Militan sekülerleşme tecrübesinin devlet zoruyla dayatıldığı Müslüman toplumlarda da bir yerli “İslamofobya”dan söz etmek mümkündür. Hem yerli Müslüman toplumları, hem de Batı toplumlarında yaşayan Müslüman toplulukları, ön yargı, dışlama, ayırımcılığa tabi tutma ve şiddete maruz bırakma şeklinde tezahür eden İslamofobya, günümüzdeki en yaygın insan hakları ihlallerinden birini oluşturmaktadır. Müslüman toplumlara ilişkin oryantalist bakış açısının yeniden üretilmesini, dolayısıyla, Müslüman toplumların “çevrelenmesi, yönetilmesi ve sömürülmesi” gereken, diyalog kurulamayacak ve bir arada yaşanamayacak toplumlar olarak sunulmasına, diğer taraftan da temel haklarından mahrum edilmelerine sebep olmaktadır. İlk elde faşist ya da milliyetçi sağ siyasi hareketlerin sahiplendiği islamofobik yaklaşımların, giderek Batı’daki ana akım siyasi hareketleri de etkilediği görülmektedir. Hollanda, Almanya, Fransa ve İskandinav ülkelerinde aşırı sağ, merkez sağı ikame etmeye yönelmiştir. Norveç’te 77 masum insanın öldürüldüğü olay, İslamofobya’nın tehdit düzeyi hakkında yeterli bir fikir vermektedir.
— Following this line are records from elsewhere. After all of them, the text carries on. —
text \<open>binom_n a b n denotes the binomial coefficient (floor(a n) choose floor(b n)),
  intended for reals a \<ge> b \<ge> 0 (so both floors are nonnegative).\<close>
definition binom_n :: "real \<Rightarrow> real \<Rightarrow> nat \<Rightarrow> real" where
  "binom_n a b n = real (nat \<lfloor>a * real n\<rfloor> choose nat \<lfloor>b * real n\<rfloor>)"

end

theory Submission
  imports Defs
begin

text \<open>
  The minimum is bounded by its value at the single point \<open>x = \<sigma>/2 + g \<sigma>\<close>, where
  \<open>g = lower_index\<close> is affine with \<open>g (1/2) = 1/4\<close>. Up to factors polynomial in \<open>n\<close>,
  \<open>binom_n a b n\<close> equals \<open>exp (n * binom_rate a b)\<close>, and then the two summands of the
  ratio become \<open>exp (n * E \<sigma>)\<close> and \<open>exp (n * E (1 - \<sigma>))\<close> for one function
  \<open>E = excess\<close>. This \<open>E\<close> is concave on \<open>[0, 1]\<close>, and the slope of \<open>g\<close> is chosen
  so that \<open>E' (1/2) = 0\<close>; hence \<open>E \<le> E (1/2) = (1 - h (1/4)) ln 2\<close>. The polynomial
  factors are absorbed into \<open>n\<^sup>2\<close>.
\<close>

text \<open>\<open>binom_rate a b = a h (b/a) ln 2\<close>, the exponential growth rate of \<open>binom_n a b n\<close>.\<close>

definition binom_rate :: "real \<Rightarrow> real \<Rightarrow> real" where
  "binom_rate a b = a * ln a - b * ln b - (a - b) * ln (a - b)"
Medeniyetler çatışması yerine medeniyetler ittifakının, dinler arası çatışma yerine dinler arası diyalogun, Müslüman inancına mensup insanların terörle ilişkilendirilerek potansiyel suçlu olarak görülmesi yerine, insan olma ortak paydasının harekete geçirdiği empatik bir bakış açısının konabilmesi, hem uluslar arası, hem de toplumlararası barış ve refahın sağlanması için vazgeçilmezdir. İslam’ın ve Müslümanların küresel bir tehdit olarak görülmesi, dünya barışı için büyük bir tehdittir. İslamofobik İslam ve Müslüman algısının küresel iletişim ağlarıyla yaygınlaşması, Müslümanların temel haklardan yoksun bırakılmasına, sırf Müslüman oldukları için aşağılanmalarına, buna karşılık da, İslam dünyasında Batı karşıtı radikal hareketlerin güç kazanmasına ve kitleselleşmesine yol açmaktadır. ABD ve Avrupa Birliği, Müslüman nüfusunu ve İslamı ötekileştirmemek ve onları geniş topluma entegre edebilmek için İslamofobyayı önemsemek ve onunla her düzeyde mücadele etmek zorundadır.
Her boyutuyla İslamofobyayı, tartışmak amacıyla bir günlük konferans düzenlemiş bulunmaktayız. Bu konferansımıza sizlerin tebliğlerinizle birlikte katılımlarınızı bekliyoruz.